Парма - Фомин Леонид Аристархович 5 стр.


- Нет, спать некогда.

В палатку влетел сияющий Малышок.

- Радиограмма! - и протянул бегло исписанный листок учителю.

"SOS" принят. В первый летный день высылаем вертолет. Уточните координаты".

Василий Терентьевич несколько раз пробежал глазами по размашистым строчкам, глянул на оборотную сторону листка.

- Добре, парень! - улыбнулся и похлопал Малышка по плечу, уважительно добавил: - Ты уж на меня не сердись! Мало ли у нас, у мужчин, бывает!.. Передал координаты?

- Так точно, вашу поляну передал! - бойко ответил радист, поощренный подчеркнуто-равным обращением. - Это квадрат 230.

Василий Терентьевич повернулся к Новосельцеву.

- Теперь я пойду. Когда ждать помощников?

- Завтра. А вы все-таки отдохните, - в третий раз предложил Семен Николаевич. - Супу горячего похлебаем. Не близко ведь до ваших полян, двадцать с лишним километров!

- Нет, - твердо сказал учитель. - Ждем вас.

И, простившись, вышел из палатки.

10

Гриша долго ворочался с боку на бок, исподтишка наблюдая за Валей - в доме, кроме него, осталась Валя, - потом сделал вид, что уснул. Вале стало полегче, она еще при ребятах поднялась с постели, поела и сейчас брякала у стола котелками. Это Гришу успокаивало. Но вот девочка вымыла посуду, составила ее вдоль стены под скамейкой, оделась и вышла.

Интересно, куда она? Гриша спрыгнул на пол, засеменил к окну. Валя шла к скотнику. "К Белке своей направилась", - с неприязнью подумал Гриша и опять лег.

С полчаса лежал и все прислушивался. Валя не возвращалась. Что-то под боком мешало - расправил складки на одеяле.

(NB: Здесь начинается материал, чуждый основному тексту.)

theorem lemma3p6:
  fixes D :: "(real^'l) set" and f :: "real^'l \<Rightarrow> real^'n \<Rightarrow> real^'n" and g :: "real^'n \<Rightarrow> real^'n"
    and cs :: ctrl and k :: nat and V :: "nat \<Rightarrow> real^'n \<Rightarrow> real"
    and \<eta> W :: "real^'n \<Rightarrow> real" and \<delta> K \<rho> :: "real \<Rightarrow> real"
    and gam :: "nat \<Rightarrow> nat \<Rightarrow> real \<Rightarrow> real" and \<epsilon> :: real
    and A :: "(real^'n) set" and \<kappa> :: "real^'n \<Rightarrow> real" and \<nu> :: enat
  assumes "system_ok D f g cs"
    and "k \<ge> 1"
    and "VRCLF_data D f g cs k V \<eta> W \<delta> K gam \<rho> \<epsilon> A \<kappa> \<nu>"
  shows "\<exists>gt :: nat \<Rightarrow> nat \<Rightarrow> real \<Rightarrow> real.
           (\<forall>i\<in>{1..k}. \<forall>j\<in>{1..k}. classN1 (gt i j))
         \<and> (\<forall>i\<in>{1..k}. \<forall>s\<ge>0. gt i i s = 0)
         \<and> (\<forall>i\<in>{1..k}. \<forall>j\<in>{1..k}. i \<noteq> j \<longrightarrow> posdef (gt i j) \<and> filterlim (gt i j) at_top at_top)
         \<and> VRCLF_data D f g cs k V \<eta> W \<delta> K gt \<rho> \<epsilon> A \<kappa> \<nu>"
proof -
  note data = assms(3)[unfolded VRCLF_data_def]
  have gam_N1: "\<forall>i\<in>{1..k}. \<forall>j\<in>{1..k}. classN1 (gam i j)" using data by (elim conjE) assumption
  have gam_diag: "\<forall>i\<in>{1..k}. \<forall>s\<ge>0. gam i i s = 0" using data by (elim conjE) assumption
  have gam_sg: "small_gain k gam" using data by (elim conjE) assumption
  have V_reg: "\<forall>i\<in>{1..k}. Ck 1 UNIV (V i) \<and> (\<forall>x. 0 \<le> V i x)" using data by (elim conjE) assumption
  obtain gt where gt_N1: "\<forall>i\<in>{1..k}. \<forall>j\<in>{1..k}. classN1 (gt i j)"
    and gt_diag: "\<forall>i\<in>{1..k}. \<forall>s\<ge>0. gt i i s = 0"
    and gt_enlarged: "\<forall>i\<in>{1..k}. \<forall>j\<in>{1..k}. i \<noteq> j \<longrightarrow> posdef (gt i j) \<and> filterlim (gt i j) at_top at_top"
    and gt_sg: "small_gain k gt"
    and gt_ge: "\<forall>i\<in>{1..k}. \<forall>j. \<forall>s\<ge>0. gam i j s \<le> gt i j s"
    using gains_enlargement[OF gam_N1 gam_diag gam_sg] by blast
  have gt_gate: "gate k gam V i x" if "i \<in> {1..k}" "gate k gt V i x" for i x
    using V_reg gt_ge that(1) by (intro gate_antimono[OF assms(2) _ that(2)]) simp
  have "gated_conditions D f g cs k V \<eta> W \<delta> K \<rho> \<epsilon> A \<kappa> (gate k gt V)"
    using gated_conditions_antimono[OF VRCLF_data_gated[OF assms(3)] gt_gate] .
  then show ?thesis
    using gt_N1 gt_diag gt_enlarged VRCLF_data_regated[OF assms(3) gt_N1 gt_diag gt_sg]
    by (intro exI[of _ gt] conjI)
qed

end
(* Let $n>1$, let $\mathbf{A}\in\mathbb{R}^{n\times n}$ be symmetric with $\mathbf{I}-\mathbf{A}$ invertible, $\mathbf{b}\in\mathbb{R}^n$, $\mathcal{FP}(\mathbf{x})=\mathbf{A}\mathbf{x}+\mathbf{b}$, and $\mathbf{x}^\star$ the unique fixed point of $\mathcal{FP}$. Let $\mathbf{v}_1,\mathbf{v}_2$ be two orthogonal eigenvectors of $\mathbf{A}$ with eigenvalues $\lambda_1,\lambda_2\ne0$, and let $\mathbf{x}^0$ satisfy $\mathbf{x}^0-\mathbf{x}^\star\in\mathrm{span}\{\mathbf{v}_1,\mathbf{v}_2\}$. Let $\{\mathbf{x}^i\}$ be the sequence generated by AA$^\star$(1) applied to $\mathcal{FP}$ from $\mathbf{x}^0$, and $\mathbf{e}^i=\mathbf{x}^i-\mathbf{x}^\star$. Then $$\|\mathbf{e}^{i+4}\|\le r(\lambda_1,\lambda_2)\|\mathbf{e}^i\|\quad\text{for } i=0,4,8,12,\dots,\qquad r(\lambda_1,\lambda_2)=\frac{\lambda_1^2\lambda_2^2(\lambda_2-\lambda_1)^2}{\big(|\lambda_1(\lambda_1-1)|+|\lambda_2(\lambda_2-1)|\big)^2}.$$
   Context: Let $\Delta\mathcal{FP}(\mathbf{x})=\mathcal{FP}(\mathbf{x})-\mathbf{x}$ and $\|\cdot\|$ the Euclidean norm. The restarted Anderson acceleration AA$^\star$(1) is the iteration: for $i=0,2,4,\dots$, set $\mathbf{x}^{i+1}=\mathcal{FP}(\mathbf{x}^i)$; choose $\alpha^{(i+1)}\in\mathbb{R}$ minimizing $\|\Delta\mathcal{FP}(\mathbf{x}^{i+1})+\alpha^{(i+1)}(\Delta\mathcal{FP}(\mathbf{x}^i)-\Delta\mathcal{FP}(\mathbf{x}^{i+1}))\|$; set $\mathbf{x}^{i+2}=\mathcal{FP}(\mathbf{x}^{i+1})+\alpha^{(i+1)}(\mathcal{FP}(\mathbf{x}^i)-\mathcal{FP}(\mathbf{x}^{i+1}))$. *)

theory Defs
  imports "HOL-Analysis.Analysis"
begin

definition DeltaFP :: "('a::real_normed_vector \<Rightarrow> 'a) \<Rightarrow> 'a \<Rightarrow> 'a" where
  "DeltaFP FP x = FP x - x"

definition AA_star1_seq ::
  "('a::real_normed_vector \<Rightarrow> 'a) \<Rightarrow> (nat \<Rightarrow> 'a) \<Rightarrow> (nat \<Rightarrow> real) \<Rightarrow> bool" where
  "AA_star1_seq FP x alpha \<longleftrightarrow>
     (\<forall>i. even i \<longrightarrow>
        x (i + 1) = FP (x i) \<and>
        (\<forall>\<beta>::real. norm (DeltaFP FP (x (i + 1)) + alpha (i + 1) *\<^sub>R (DeltaFP FP (x i) - DeltaFP FP (x (i + 1))))
                  \<le> norm (DeltaFP FP (x (i + 1)) + \<beta> *\<^sub>R (DeltaFP FP (x i) - DeltaFP FP (x (i + 1))))) \<and>
        x (i + 2) = FP (x (i + 1)) + alpha (i + 1) *\<^sub>R (FP (x i) - FP (x (i + 1))))"

definition rate :: "real \<Rightarrow> real \<Rightarrow> real" where
  "rate l1 l2 = (l1^2 * l2^2 * (l2 - l1)^2) / (\<bar>l1 * (l1 - 1)\<bar> + \<bar>l2 * (l2 - 1)\<bar>)^2"

end

theory Submission
  imports Defs
begin

text \<open>Write the error on the eigenplane as \<open>e = a v1 + c v2\<close> and \<open>\<mu>j = \<lambda>j - 1\<close>. The
  optimal mixing coefficient of one AA*(1) step is an explicit least-squares quotient, and
  substituting it makes each new coefficient proportional to the \<^emph>\<open>other\<close> old one:
  \<open>(a, c) \<mapsto> k (P c, R a)\<close> with a scalar gain \<open>k\<close> and constants \<open>P\<close>, \<open>R\<close>. Two steps
  therefore multiply the error by a single scalar \<open>M\<close>, which equals
  \<open>(\<lambda>2 - \<lambda>1)\<^sup>2 \<lambda>1\<^sup>2 \<lambda>2\<^sup>2 X Y / ((X \<mu>1\<^sup>2 + Y \<mu>2\<^sup>2) (X \<lambda>2\<^sup>2 + Y \<lambda>1\<^sup>2))\<close> for suitable
  \<open>X, Y \<ge> 0\<close>; the Cauchy-Schwarz inequality bounds it by \<open>r(\<lambda>1, \<lambda>2)\<close>.\<close>

lemma norm_add_scaleR_argmin:
  fixes u w :: "'a::real_inner"
  assumes "w \<noteq> 0" and "\<forall>\<beta>. norm (u + \<alpha> *\<^sub>R w) \<le> norm (u + \<beta> *\<^sub>R w)"
  shows "\<alpha> = - (u \<bullet> w) / (w \<bullet> w)"
proof -
  define \<beta>\<^sub>0 where "\<beta>\<^sub>0 = - (u \<bullet> w) / (w \<bullet> w)"
  have ww: "w \<bullet> w > 0" using assms(1) by simp
  have expand: "(norm (u + \<beta> *\<^sub>R w))\<^sup>2 = u \<bullet> u + 2 * \<beta> * (u \<bullet> w) + \<beta>\<^sup>2 * (w \<bullet> w)" for \<beta>
    unfolding power2_norm_eq_inner
    by (simp add: inner_add_left inner_add_right inner_commute algebra_simps power2_eq_square)
  have sq: "(norm (u + \<beta> *\<^sub>R w))\<^sup>2 = (norm (u + \<beta>\<^sub>0 *\<^sub>R w))\<^sup>2 + (\<beta> - \<beta>\<^sub>0)\<^sup>2 * (w \<bullet> w)" for \<beta>
    using ww unfolding expand \<beta>\<^sub>0_def by (simp add: field_simps power2_eq_square)
  have "(norm (u + \<alpha> *\<^sub>R w))\<^sup>2 \<le> (norm (u + \<beta>\<^sub>0 *\<^sub>R w))\<^sup>2"
    using assms(2) by (simp add: power_mono)
  then have "(\<alpha> - \<beta>\<^sub>0)\<^sup>2 * (w \<bullet> w) \<le> 0" unfolding sq[of \<alpha>] by simp
  then show ?thesis using ww unfolding \<beta>\<^sub>0_def by (simp add: mult_le_0_iff)
qed

lemma cauchy_schwarz_cross_weighted:
  fixes X Y l1 l2 b1 b2 :: real
  assumes "X \<ge> 0" "Y \<ge> 0"
  shows "X * Y * (\<bar>l1 * b1\<bar> + \<bar>l2 * b2\<bar>)\<^sup>2 \<le> (X * b1\<^sup>2 + Y * b2\<^sup>2) * (X * l2\<^sup>2 + Y * l1\<^sup>2)"
proof -
  have "(X * b1\<^sup>2 + Y * b2\<^sup>2) * (X * l2\<^sup>2 + Y * l1\<^sup>2) - X * Y * (\<bar>l1 * b1\<bar> + \<bar>l2 * b2\<bar>)\<^sup>2
      = (X * \<bar>b1\<bar> * \<bar>l2\<bar> - Y * \<bar>b2\<bar> * \<bar>l1\<bar>)\<^sup>2"
  proof -
    have sq_abs: "b1\<^sup>2 = \<bar>b1\<bar>\<^sup>2" "b2\<^sup>2 = \<bar>b2\<bar>\<^sup>2" "l1\<^sup>2 = \<bar>l1\<bar>\<^sup>2" "l2\<^sup>2 = \<bar>l2\<bar>\<^sup>2"
      by simp_all
    show ?thesis unfolding sq_abs abs_mult by algebra
  qed
  moreover have "(X * \<bar>b1\<bar> * \<bar>l2\<bar> - Y * \<bar>b2\<bar> * \<bar>l1\<bar>)\<^sup>2 \<ge> 0" by simp
  ultimately show ?thesis by linarith
qed

lemma two_step_factor_le_rate:
  fixes X Y l1 l2 :: real
  assumes "X \<ge> 0" "Y \<ge> 0"
  shows "(l2 - l1)\<^sup>2 * l1\<^sup>2 * l2\<^sup>2 * (X * Y)
           / ((X * (l1 - 1)\<^sup>2 + Y * (l2 - 1)\<^sup>2) * (X * l2\<^sup>2 + Y * l1\<^sup>2)) \<le> rate l1 l2"
proof -
  define D where "D = \<bar>l1 * (l1 - 1)\<bar> + \<bar>l2 * (l2 - 1)\<bar>"
  define C where "C = (l2 - l1)\<^sup>2 * l1\<^sup>2 * l2\<^sup>2"
  define QS where "QS = (X * (l1 - 1)\<^sup>2 + Y * (l2 - 1)\<^sup>2) * (X * l2\<^sup>2 + Y * l1\<^sup>2)"
  have rate: "rate l1 l2 = C / D\<^sup>2"
    unfolding rate_def C_def D_def by (simp add: power_mult_distrib)
  have C_nonneg: "C \<ge> 0" unfolding C_def by simp
  have QS_nonneg: "QS \<ge> 0" unfolding QS_def using assms by simp
  have "C * (X * Y) / QS \<le> C / D\<^sup>2"
  proof (cases "D = 0")
    case True
    then have "l1 * (l1 - 1) = 0" "l2 * (l2 - 1) = 0"
      unfolding D_def by (simp_all add: add_nonneg_eq_0_iff)
    then have "C = 0" unfolding C_def by auto
    then show ?thesis by simp
  next
    case False
    have "X * Y * D\<^sup>2 \<le> QS"
      unfolding D_def QS_def using cauchy_schwarz_cross_weighted[OF assms] .
    then have "X * Y / QS \<le> 1 / D\<^sup>2"
      using False QS_nonneg by (cases "QS = 0") (simp_all add: divide_simps)
    then show ?thesis
      using mult_left_mono[OF _ C_nonneg] by (simp add: divide_inverse mult.assoc)
  qed
  then show ?thesis unfolding rate C_def QS_def .
qed

text \<open>The parameters \<open>n1\<close>, \<open>n2\<close> stand for the squared norms of the two eigenvectors.
  For \<open>e = a v1 + c v2\<close>, \<open>lsq_den a c\<close> is the squared norm of the residual difference
  \<open>(A - I)\<^sup>2 e\<close>, and \<open>mixing_coeff a c\<close> the least-squares minimiser of the AA*(1) step.\<close>

locale aa_eigenplane =
  fixes l1 l2 n1 n2 :: real
  assumes n1_pos: "n1 > 0" and n2_pos: "n2 > 0"
    and l1_ne_1: "l1 \<noteq> 1" and l2_ne_1: "l2 \<noteq> 1"
begin

definition lsq_den :: "real \<Rightarrow> real \<Rightarrow> real" where
  "lsq_den a c = a\<^sup>2 * (l1 - 1)^4 * n1 + c\<^sup>2 * (l2 - 1)^4 * n2"

definition mixing_coeff :: "real \<Rightarrow> real \<Rightarrow> real" where
  "mixing_coeff a c = (a\<^sup>2 * l1 * (l1 - 1)^3 * n1 + c\<^sup>2 * l2 * (l2 - 1)^3 * n2) / lsq_den a c"

definition coeff_step :: "real \<times> real \<Rightarrow> real \<times> real" where
  "coeff_step p = (case p of (a, c) \<Rightarrow>
     (a * l1 * (l1 - mixing_coeff a c * (l1 - 1)), c * l2 * (l2 - mixing_coeff a c * (l2 - 1))))"

definition gain :: "real \<Rightarrow> real \<Rightarrow> real" where
  "gain a c = (l2 - l1) * a * c / lsq_den a c"

lemma lsq_den_eq_0_iff: "lsq_den a c = 0 \<longleftrightarrow> a = 0 \<and> c = 0"
proof -
  have "a\<^sup>2 * (l1 - 1)^4 * n1 \<ge> 0" "c\<^sup>2 * (l2 - 1)^4 * n2 \<ge> 0"
    using n1_pos n2_pos by simp_all
  then show ?thesis
    unfolding lsq_den_def using n1_pos n2_pos l1_ne_1 l2_ne_1 by (simp add: add_nonneg_eq_0_iff)
qed
text \<open>Maker-Breaker game on board V with Maker's winning condition W (on Maker's set).
  Position: Maker's vertices M, Breaker's vertices B, and whether it is Maker's turn.
  maker_wins W V M B t: Maker has a winning strategy from this position.\<close>
inductive maker_wins :: "(nat set \<Rightarrow> bool) \<Rightarrow> nat set \<Rightarrow> nat set \<Rightarrow> nat set \<Rightarrow> bool \<Rightarrow> bool"
  for W :: "nat set \<Rightarrow> bool" and V :: "nat set" where
  terminal: "V - (M \<union> B) = {} \<Longrightarrow> W M \<Longrightarrow> maker_wins W V M B t"
| maker_move: "v \<in> V - (M \<union> B) \<Longrightarrow> maker_wins W V (insert v M) B False \<Longrightarrow> maker_wins W V M B True"
| breaker_move: "V - (M \<union> B) \<noteq> {} \<Longrightarrow>
     (\<forall>v \<in> V - (M \<union> B). maker_wins W V M (insert v B) True) \<Longrightarrow> maker_wins W V M B False"

datatype outcome = OutM | OutN | OutB | OutSecond

text \<open>Outcome: M if Maker wins both the M-game (Maker first) and the B-game (Breaker first);
  B if Breaker wins both (i.e. Maker wins neither); N if the first player wins each.
  OutSecond (second player wins each) is included only for totality.\<close>
definition game_outcome :: "(nat set \<Rightarrow> bool) \<Rightarrow> nat set \<Rightarrow> outcome" where
  "game_outcome W V =
     (let mg = maker_wins W V {} {} True; bg = maker_wins W V {} {} False in
      if mg \<and> bg then OutM
      else if \<not> mg \<and> \<not> bg then OutB
      else if mg \<and> \<not> bg then OutN
      else OutSecond)"

definition O_R :: "nat set \<Rightarrow> (nat \<Rightarrow> nat \<Rightarrow> bool) \<Rightarrow> outcome" where
  "O_R V E = game_outcome (\<lambda>M. \<exists>R \<subseteq> M. resolving_set V E R) V"

definition O_SR :: "nat set \<Rightarrow> (nat \<Rightarrow> nat \<Rightarrow> bool) \<Rightarrow> outcome" where
  "O_SR V E = game_outcome (\<lambda>M. \<exists>S \<subseteq> M. strong_resolving_set V E S) V"

end

theory Submission
  imports Defs
begin

text \<open>All six combinations are realised by graphs on at most five vertices: \<open>K\<^sub>1\<close>,
  \<open>K\<^sub>3\<close>, \<open>K\<^sub>4\<close>, the paw, the cricket and \<open>K\<^sub>4\<close> with a pendant vertex. Since \<open>x\<close>
  lies on a \<open>y\<close>--\<open>z\<close> geodesic exactly when \<open>d(y,x) + d(x,z) = d(y,z)\<close>, both kinds of
  resolvability of Maker's set are conditions on the distance table, which breadth-first-search
  labellings certify; the two games on these small boards are then decided by exhaustive search
  of the game tree.\<close>

lemma is_walk_singleton [simp]: "is_walk E [a]"
  by (simp add: is_walk_def)

lemma is_walk_Cons_Cons [simp]: "is_walk E (a # b # q) \<longleftrightarrow> E a b \<and> is_walk E (b # q)"
  unfolding is_walk_def by (auto simp: less_Suc_eq_0_disj)

lemma is_walk_append_iff: "is_walk E (p @ x # q) \<longleftrightarrow> is_walk E (p @ [x]) \<and> is_walk E (x # q)"
  by (induction p rule: induct_list012) auto

lemma walk_between_append:
  assumes p: "walk_between E x y p" and q: "walk_between E y z q"
  shows "walk_between E x z (butlast p @ q)"
proof -
  have "p \<noteq> []" and q_nonempty: "q \<noteq> []"
    using p q by (auto simp: walk_between_def is_walk_def)
  then have p_split: "p = butlast p @ [y]" and q_split: "q = y # tl q"
    using p q by (metis append_butlast_last_id walk_between_def, metis hd_Cons_tl walk_between_def)
  have "is_walk E (butlast p @ y # tl q)"
    using p q p_split q_split by (metis is_walk_append_iff walk_between_def)
  moreover have "hd (butlast p @ q) = hd p"
    by (metis hd_append list.sel(1) p_split q_split)
  ultimately show ?thesis
    using p q q_nonempty by (simp add: walk_between_def flip: q_split)
qed

lemma length_walk_between_append:
  "walk_between E x y p \<Longrightarrow> length (butlast p @ q) = length p + length q - 1"
  by (cases p) (auto simp: walk_between_def is_walk_def)

lemma dist_less_length: "walk_between E x y p \<Longrightarrow> dist E x y < length p"
  unfolding dist_def
  by (rule order.strict_trans1[OF Least_le[of _ "length p - 1"]])
     (auto simp: walk_between_def is_walk_def)

lemma geodesic_exists: "walk_between E x y p \<Longrightarrow> \<exists>q. geodesic E x y q"
  unfolding geodesic_def dist_def
  by (rule LeastI_ex[of "\<lambda>n. \<exists>q. walk_between E x y q \<and> length q = Suc n"])
     (auto simp: walk_between_def is_walk_def intro!: exI[of _ "length p - 1"] exI[of _ p])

Потом заметил, как с потолка на блестящей паутинке опускается маленький паучок. "Мизгири откуда-то взялись, еще в ухо заползут… - отвлеченно думал Гриша. - А все же куда и зачем она пошла? Ведь ее никто не посылал!"

Грише все казалось, что в избушке он не один, что за ним следят. Снова встал и осторожно прошел к окну. Нет, никого не видать возле дома, да и Валя исчезла. Неужто таскает рябину?

Подбежал к двери, послушал, не притаился ли кто снаружи, высунул голову. За шиворот капнуло, Гриша вздрогнул. И вдруг донеслось: "тах, тах, тах!" Наверняка Витька рубит! Ишь размахался! Все бы только показывал себя. И Нинка вся изважничалась: "Иди туда, иди сюда!" Подумаешь, командир какой!

Гриша с силой захлопнул дверь, бросился на нары вниз лицом.

Прошло немного времени, и от сарая послышались голоса, мычание. Это ребята принесли рябину. Хоть как закрывай голову, а все равно слышно, что делается на улице. Невмоготу лежать одному: тоскливо, обидно. Нет, лучше туда пойти!

Когда Гриша шел к сараю, думал: вот сейчас ребята встретят усмешками, а тезка, тот непременно съязвит: что, мол, хлызда, пришел? Поэтому Гриша-старший приготовился к обороне, припас, что надо ответить.

Но встретили куда хуже. Никто не поднял головы, никто не обратил на него внимания. Пыхтя, прошел рядом с ворохом веток Гриша-младший, зыркнул из-под козырька шапки злым глазом, отвернулся. "Изменник!" - кольнуло презрительное слово, и так противно стало на душе, что Гриша-старший готов был закричать во все горло: "Никакой я не изменник, я просто устал, просто все надоело!" Но он не крикнул: не хватило смелости. Ведь слова его означали бы признание вины перед ребятами, а в чем он, собственно, виноват? Ну, не пошел - и все. Разве он сам себе не хозяин? Можно ведь сказать: хочу или не хочу! Сами все уши пропели на собраниях о самостоятельности, принципиальности.

Вот он и сказал принципиально: не пойду! А тут еще всякие обзываются…

"Буду стоять, - решил Гриша. - Сами поклонятся!"

Но ребята не "поклонились". Снова ушли на Цепёл и снова принесли рябину. Чего они хотят? Пришел ведь, стоит, ждет, а они будто ослепли!

- Давай помогу, - не вытерпел Гриша и подхватил ветки у Миши Калача.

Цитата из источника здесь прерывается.